Çözüm süreci denilen dönemde PKK’nın silah depoladığını, devletin ise “Açılım zarara uğramasın” diye askeri ve polisi geri çektiğini iktidar da itiraf ediyor.
Bunca kanlı olaydan sonra “Türk-Kürt” kardeşliği nasıl devam edecek?
PKK’nın siyasi temsilcileri olarak Meclis’e giren HDP milletvekilleri, ilân edilen özerklikleri haklı buluyor, halkı devlet aleyhine kışkırtıyor!
İki eşbaşkan Selahattin Demirtaş ile Figen Yüksekdağ’ın tavırları malûm.

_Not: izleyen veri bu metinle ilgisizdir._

(* Let $r\geq 3$ and let $D$ be an $m$-colored semicomplete $r$-partite digraph such that every $\overrightarrow{C}_3$ and every $\overrightarrow{C}_4$ contained in $D$ is monochromatic. Then $D$ has a $2$-colored kernel.
   Context: A semicomplete $r$-partite digraph ($r\ge 2$) is a digraph whose vertex set is partitioned into $r$ nonempty independent sets (partite sets) such that for any two vertices $u,v$ in different partite sets at least one of the arcs $(u,v)$, $(v,u)$ is present (both may be present); there are no arcs inside a partite set. An $m$-colored digraph is a digraph whose arcs are each assigned one of $m$ colors. A directed path (no repeated vertices) is $j$-colored if its arcs use exactly $j$ distinct colors. "Contained in $D$" means being a subdigraph of $D$; a subdigraph is monochromatic if all its arcs have the same color. $\overrightarrow{C}_n$ is the directed cycle of length $n$. A $k$-colored kernel of $D$ is a nonempty set $K\subseteq V(D)$ such that (a) for every $u\in V(D)\setminus K$ there exist $v\in K$ and a $j$-colored directed path from $u$ to $v$ with $1\le j\le k$, and (b) for all distinct $u,v\in K$ there is no $j$-colored directed path from $u$ to $v$ with $1\le j\le k$. *)

theory Defs
  imports Main
begin

definition digraph :: "'a set \<Rightarrow> ('a \<times> 'a) set \<Rightarrow> bool" where
  "digraph V A \<longleftrightarrow> finite V \<and> A \<subseteq> V \<times> V \<and> (\<forall>v. (v, v) \<notin> A)"

definition m_colored :: "('a \<times> 'a) set \<Rightarrow> nat \<Rightarrow> ('a \<times> 'a \<Rightarrow> nat) \<Rightarrow> bool" where
  "m_colored A m c \<longleftrightarrow> (\<forall>e\<in>A. c e < m)"

definition semicomplete_multipartite ::
  "'a set \<Rightarrow> ('a \<times> 'a) set \<Rightarrow> nat \<Rightarrow> 'a set set \<Rightarrow> bool" where
  "semicomplete_multipartite V A r P \<longleftrightarrow>
     finite P \<and> card P = r \<and> \<Union>P = V \<and> (\<forall>X\<in>P. X \<noteq> {}) \<and>
     (\<forall>X\<in>P. \<forall>Y\<in>P. X \<noteq> Y \<longrightarrow> X \<inter> Y = {}) \<and>
     (\<forall>X\<in>P. \<forall>u\<in>X. \<forall>v\<in>X. (u, v) \<notin> A) \<and>
     (\<forall>X\<in>P. \<forall>Y\<in>P. X \<noteq> Y \<longrightarrow> (\<forall>u\<in>X. \<forall>v\<in>Y. (u, v) \<in> A \<or> (v, u) \<in> A))"

definition path_arcs :: "'a list \<Rightarrow> ('a \<times> 'a) set" where
  "path_arcs p = set (zip p (tl p))"

definition dipath :: "('a \<times> 'a) set \<Rightarrow> 'a list \<Rightarrow> 'a \<Rightarrow> 'a \<Rightarrow> bool" where
  "dipath A p u v \<longleftrightarrow> length p \<ge> 2 \<and> distinct p \<and> hd p = u \<and> last p = v \<and>
     path_arcs p \<subseteq> A"

definition num_colors :: "('a \<times> 'a \<Rightarrow> nat) \<Rightarrow> 'a list \<Rightarrow> nat" where
  "num_colors c p = card (c ` path_arcs p)"

definition colored_reach ::
  "('a \<times> 'a) set \<Rightarrow> ('a \<times> 'a \<Rightarrow> nat) \<Rightarrow> nat \<Rightarrow> 'a \<Rightarrow> 'a \<Rightarrow> bool" where
  "colored_reach A c k u v \<longleftrightarrow>
     (\<exists>p. dipath A p u v \<and> 1 \<le> num_colors c p \<and> num_colors c p \<le> k)"

definition k_colored_kernel ::
  "'a set \<Rightarrow> ('a \<times> 'a) set \<Rightarrow> ('a \<times> 'a \<Rightarrow> nat) \<Rightarrow> nat \<Rightarrow> 'a set \<Rightarrow> bool" where
  "k_colored_kernel V A c k K \<longleftrightarrow>
     K \<noteq> {} \<and> K \<subseteq> V \<and>
     (\<forall>u\<in>V - K. \<exists>v\<in>K. colored_reach A c k u v) \<and>
     (\<forall>u\<in>K. \<forall>v\<in>K. u \<noteq> v \<longrightarrow> \<not> colored_reach A c k u v)"

definition C3_monochromatic :: "('a \<times> 'a) set \<Rightarrow> ('a \<times> 'a \<Rightarrow> nat) \<Rightarrow> bool" where
  "C3_monochromatic A c \<longleftrightarrow>
     (\<forall>x0 x1 x2. distinct [x0, x1, x2] \<and>
        (x0, x1) \<in> A \<and> (x1, x2) \<in> A \<and> (x2, x0) \<in> A \<longrightarrow>
        c (x0, x1) = c (x1, x2) \<and> c (x1, x2) = c (x2, x0))"

definition C4_monochromatic :: "('a \<times> 'a) set \<Rightarrow> ('a \<times> 'a \<Rightarrow> nat) \<Rightarrow> bool" where
  "C4_monochromatic A c \<longleftrightarrow>
     (\<forall>x0 x1 x2 x3. distinct [x0, x1, x2, x3] \<and>
        (x0, x1) \<in> A \<and> (x1, x2) \<in> A \<and> (x2, x3) \<in> A \<and> (x3, x0) \<in> A \<longrightarrow>
        c (x0, x1) = c (x1, x2) \<and> c (x1, x2) = c (x2, x3) \<and> c (x2, x3) = c (x3, x0))"

end

theory Submission
  imports Defs
begin

(* Let R be the transitive closure of the arc relation.  Every finite
   transitive relation has a "kernel": a nonempty set K that is R-independent and
   R-absorbing.  It therefore suffices to show that, for u \<noteq> v, there is a directed
   path from u to v using at most two colours exactly when (u, v) \<in> R.  The nontrivial
   direction takes a SHORTEST walk from u to v: it is a path without forward chords.
   In a semicomplete multipartite digraph such a path of length at least 3 has, for each
   pair of consecutive arcs a \<rightarrow> b \<rightarrow> d, a back arc closing a directed 3-cycle (if a, d
   lie in different parts) or a directed 4-cycle with the neighbouring vertex (if they
   lie in the same part); as these cycles are monochromatic, the whole path is.  Paths
   of length at most 2 trivially use at most two colours. *)

definition path_kernel :: "'a set \<Rightarrow> ('a \<times> 'a) set \<Rightarrow> 'a set \<Rightarrow> bool" where
  "path_kernel S R K \<longleftrightarrow> K \<noteq> {} \<and> K \<subseteq> S \<and>
     (\<forall>u\<in>S - K. \<exists>v\<in>K. (u, v) \<in> R) \<and> (\<forall>u\<in>K. \<forall>v\<in>K. u \<noteq> v \<longrightarrow> (u, v) \<notin> R)"

lemma trans_sink_exists:
  assumes "finite S" "S \<noteq> {}" "trans R"
  shows "\<exists>v\<in>S. \<forall>w\<in>S. (v, w) \<in> R \<longrightarrow> (w, v) \<in> R"
  using assms(1,2)
proof (induction S rule: finite_ne_induct)
  case (singleton x)
  then show ?case by auto
next
  case (insert x F)
  then obtain v where v: "v \<in> F" "\<forall>w\<in>F. (v, w) \<in> R \<longrightarrow> (w, v) \<in> R" by auto
  show ?case
  proof (cases "(v, x) \<in> R \<and> (x, v) \<notin> R")
    case True
    then have "\<forall>w\<in>insert x F. (x, w) \<in> R \<longrightarrow> (w, x) \<in> R"
      using v transD[OF assms(3)] by blast
    then show ?thesis by blast
  next
    case False
    then show ?thesis using v by blast
  qed
qed

(* Every finite transitive relation has a kernel: take a sink v, and add to v a kernel
   of the vertices that do not reach v (by induction on the size of S). *)
lemma trans_path_kernel_exists:
  assumes "finite S" "S \<noteq> {}" "trans R"
  shows "\<exists>K. path_kernel S R K"
  using assms(1,2)
proof (induction "card S" arbitrary: S rule: less_induct)
  case less
  obtain v where v: "v \<in> S" "\<forall>w\<in>S. (v, w) \<in> R \<longrightarrow> (w, v) \<in> R"
    using trans_sink_exists[OF less.prems assms(3)] by blast
  define S' where "S' = {w\<in>S. w \<noteq> v \<and> (w, v) \<notin> R}"
  show ?case
  proof (cases "S' = {}")
    case True
    then have "path_kernel S R {v}" using v(1) by (auto simp: path_kernel_def S'_def)
    then show ?thesis ..
  next
    case False
    have "S' \<subset> S" using v(1) by (auto simp: S'_def)
    then have "card S' < card S" "finite S'"
      using less.prems(1) psubset_card_mono finite_subset by blast+
    then obtain K' where K': "path_kernel S' R K'" using less.hyps False by blast
    have "path_kernel S R (insert v K')"
      using K' v unfolding path_kernel_def S'_def by blast
    then show ?thesis ..
  qed
qed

Kadın her fırsatta “Bu yapılanlar iç savaş provası. Biz seçime de, direnişe de hazırız!” diyor.
Demirtaş ise, silahların susması gerektiğini söylerken, PKK çetesine hiçbir şey demiyor!

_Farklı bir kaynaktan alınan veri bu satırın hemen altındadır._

(* Let $V$ be a complex vector space of dimension $k$. Let $\mu$ and $\nu$ be partitions with at most $k$ parts, with $\nu$ obtained from $\mu$ by adding one cell. Let $\iota\colon S_\nu V^*\to V^*\otimes S_\mu V^*$ be the $GL(V)$-equivariant inclusion. Let $P\colon S_\mu V^*\otimes V^*\to S_\nu V^*$ be the $GL(V)$-equivariant projection. Let $T'\colon S_\mu V^*\otimes S_\nu V^*\to S_\nu V^*\otimes S_\mu V^*$ be the composition of $$\mathrm{id}\otimes\iota\colon S_\mu V^*\otimes S_\nu V^*\to S_\mu V^*\otimes V^*\otimes S_\mu V^*$$ with $$P\otimes \mathrm{id}\colon S_\mu V^*\otimes V^*\otimes S_\mu V^*\to S_\nu V^*\otimes S_\mu V^*.$$ Suppose the isotypic component with highest weight $\pi$ appears with the same multiplicity $M$ in $S_\mu V^*\otimes S_\nu V^*$ and in $S_\mu V^*\otimes V^*\otimes S_\mu V^*$. Then the isotypic component with highest weight $\pi$ appears in the image of $T'$ with multiplicity $M$.
   Context: $S_\lambda V$ denotes the irreducible polynomial $GL(V)$-module (Schur module) indexed by the partition $\lambda$. By the Pieri rule, $S_\nu V^*$ occurs with multiplicity one in $V^*\otimes S_\mu V^*$, so $\iota$ and $P$ are unique up to scale. The map $T'$ is the Young flattening of the $GL(V)$-invariant tensor in $V^*\otimes S_\mu V^*\otimes S_\nu V$. *)

theory Defs
  imports "HOL-Analysis.Analysis" "HOL-Library.Function_Algebras"
begin

text \<open>V = C^k with basis e_0..e_(k-1).  A tensor of order n over V
  is a coefficient function on index lists of length n with entries < k
  (and 0 elsewhere).  The dual space V* is identified with C^k via the dual basis;
  the GL(V)-action on V* is the standard action twisted by the automorphism
  g -> (g^-1)^T of GL_k, which changes neither invariant subspaces, nor equivariance,
  nor isotypic decompositions.  Hence we work with the standard (polynomial) action,
  under which S_lambda V* corresponds to the irreducible of highest weight lambda.\<close>

definition fscale :: "complex \<Rightarrow> (nat list \<Rightarrow> complex) \<Rightarrow> (nat list \<Rightarrow> complex)" where
  "fscale c f = (\<lambda>xs. c * f xs)"

global_interpretation fv: vector_space fscale
  by unfold_locales (auto simp: fscale_def algebra_simps fun_eq_iff)

definition idx :: "nat \<Rightarrow> nat \<Rightarrow> nat list set" where
  "idx k n = {xs. length xs = n \<and> set xs \<subseteq> {..<k}}"

definition tens :: "nat \<Rightarrow> nat \<Rightarrow> (nat list \<Rightarrow> complex) set" where
  "tens k n = {t. \<forall>xs. xs \<notin> idx k n \<longrightarrow> t xs = 0}"

definition outer :: "nat \<Rightarrow> (nat list \<Rightarrow> complex) \<Rightarrow> (nat list \<Rightarrow> complex) \<Rightarrow> (nat list \<Rightarrow> complex)" where
  "outer a f g = (\<lambda>xs. f (take a xs) * g (drop a xs))"

definition tprod :: "nat \<Rightarrow> (nat list \<Rightarrow> complex) set \<Rightarrow> (nat list \<Rightarrow> complex) set \<Rightarrow> (nat list \<Rightarrow> complex) set" where
  "tprod a A B = fv.span {outer a f g | f g. f \<in> A \<and> g \<in> B}"

definition GL :: "nat \<Rightarrow> (nat \<Rightarrow> nat \<Rightarrow> complex) set" where
  "GL k = {g. \<exists>h. (\<forall>i<k. \<forall>j<k. (\<Sum>l<k. g i l * h l j) = (if i = j then 1 else 0))
                 \<and> (\<forall>i<k. \<forall>j<k. (\<Sum>l<k. h i l * g l j) = (if i = j then 1 else 0))}"

definition Borel :: "nat \<Rightarrow> (nat \<Rightarrow> nat \<Rightarrow> complex) set" where
  "Borel k = {b \<in> GL k. \<forall>i<k. \<forall>j<k. j < i \<longrightarrow> b i j = 0}"

definition rho :: "nat \<Rightarrow> nat \<Rightarrow> (nat \<Rightarrow> nat \<Rightarrow> complex) \<Rightarrow> (nat list \<Rightarrow> complex) \<Rightarrow> (nat list \<Rightarrow> complex)" where
  "rho k n g t = (\<lambda>xs. if xs \<in> idx k n
      then (\<Sum>js\<in>idx k n. (\<Prod>m<n. g (xs ! m) (js ! m)) * t js) else 0)"

definition GL_stable :: "nat \<Rightarrow> nat \<Rightarrow> (nat list \<Rightarrow> complex) set \<Rightarrow> bool" where
  "GL_stable k n W \<longleftrightarrow> fv.subspace W \<and> W \<subseteq> tens k n \<and> (\<forall>g\<in>GL k. \<forall>w\<in>W. rho k n g w \<in> W)"

definition irreducible_rep :: "nat \<Rightarrow> nat \<Rightarrow> (nat list \<Rightarrow> complex) set \<Rightarrow> bool" where
  "irreducible_rep k n W \<longleftrightarrow> GL_stable k n W \<and> W \<noteq> {0} \<and>
     (\<forall>U. U \<subseteq> W \<longrightarrow> GL_stable k n U \<longrightarrow> U = {0} \<or> U = W)"

definition hwv :: "nat \<Rightarrow> nat \<Rightarrow> (nat list \<Rightarrow> complex) set \<Rightarrow> (nat \<Rightarrow> nat) \<Rightarrow> (nat list \<Rightarrow> complex) set" where
  "hwv k n W \<pi> = {w \<in> W. \<forall>b\<in>Borel k. rho k n b w = fscale (\<Prod>i<k. b i i ^ \<pi> i) w}"

text \<open>Multiplicity of the isotypic component of highest weight pi in the
  (completely reducible, polynomial) representation W = dimension of the space of
  highest weight vectors of weight pi.\<close>
definition mult :: "nat \<Rightarrow> nat \<Rightarrow> (nat list \<Rightarrow> complex) set \<Rightarrow> (nat \<Rightarrow> nat) \<Rightarrow> nat" where
  "mult k n W \<pi> = fv.dim (hwv k n W \<pi>)"

definition partition_k :: "nat \<Rightarrow> (nat \<Rightarrow> nat) \<Rightarrow> bool" where
  "partition_k k lam \<longleftrightarrow> (\<forall>i j. i \<le> j \<longrightarrow> lam j \<le> lam i) \<and> (\<forall>i\<ge>k. lam i = 0)"

definition psize :: "nat \<Rightarrow> (nat \<Rightarrow> nat) \<Rightarrow> nat" where
  "psize k lam = (\<Sum>i<k. lam i)"

definition schur_module :: "nat \<Rightarrow> (nat \<Rightarrow> nat) \<Rightarrow> (nat list \<Rightarrow> complex) set \<Rightarrow> bool" where
  "schur_module k lam S \<longleftrightarrow> irreducible_rep k (psize k lam) S \<and> hwv k (psize k lam) S lam \<noteq> {0}"

definition equivariant_map :: "nat \<Rightarrow> nat \<Rightarrow> nat \<Rightarrow> (nat list \<Rightarrow> complex) set \<Rightarrow> (nat list \<Rightarrow> complex) set
     \<Rightarrow> ((nat list \<Rightarrow> complex) \<Rightarrow> (nat list \<Rightarrow> complex)) \<Rightarrow> bool" where
  "equivariant_map k m n A B L \<longleftrightarrow>
     (\<forall>x\<in>A. L x \<in> B) \<and>
     (\<forall>x\<in>A. \<forall>y\<in>A. L (x + y) = L x + L y) \<and>
     (\<forall>c. \<forall>x\<in>A. L (fscale c x) = fscale c (L x)) \<and>
     (\<forall>g\<in>GL k. \<forall>x\<in>A. L (rho k m g x) = rho k n g (L x))"

text \<open>id_a \<otimes> L, where L maps order-m to order-n tensors: result has order a + n.\<close>
definition id_tensor :: "nat \<Rightarrow> nat \<Rightarrow> nat \<Rightarrow> nat \<Rightarrow> ((nat list \<Rightarrow> complex) \<Rightarrow> (nat list \<Rightarrow> complex))
     \<Rightarrow> (nat list \<Rightarrow> complex) \<Rightarrow> (nat list \<Rightarrow> complex)" where
  "id_tensor k a m n L t = (\<lambda>xs. if xs \<in> idx k (a + n)
      then L (\<lambda>ys. if ys \<in> idx k m then t (take a xs @ ys) else 0) (drop a xs) else 0)"

text \<open>L \<otimes> id_b, where L maps order-m to order-n tensors: result has order n + b.\<close>
definition tensor_id :: "nat \<Rightarrow> nat \<Rightarrow> nat \<Rightarrow> nat \<Rightarrow> ((nat list \<Rightarrow> complex) \<Rightarrow> (nat list \<Rightarrow> complex))
     \<Rightarrow> (nat list \<Rightarrow> complex) \<Rightarrow> (nat list \<Rightarrow> complex)" where
  "tensor_id k m n b L t = (\<lambda>xs. if xs \<in> idx k (n + b)
      then L (\<lambda>ys. if ys \<in> idx k m then t (ys @ drop n xs) else 0) (take n xs) else 0)"

end

theory Submission
  imports Defs
begin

Oysa saldırıp ortalığı kana bulayanlar PKK’lı caniler! Fakat onlara lâf yok!
Demirtaş’ın söylediği tek doğru söz var:
“Ankara’dakiler evlâtlarını feda edeceğini söylüyor, Enerji Bakanı şehit olmak istiyor. Buyursunlar, Dağlıca’da bir gece nöbet tutsunlar. Ankara’da işkembeden sallamak kolay tabii!”
Evet, bu lâfa diyecek sözüm yok! İktidar hiçbir şey yapmıyor, sadece işkembeden sallıyor! Bu konuda aynı fikirdeyim!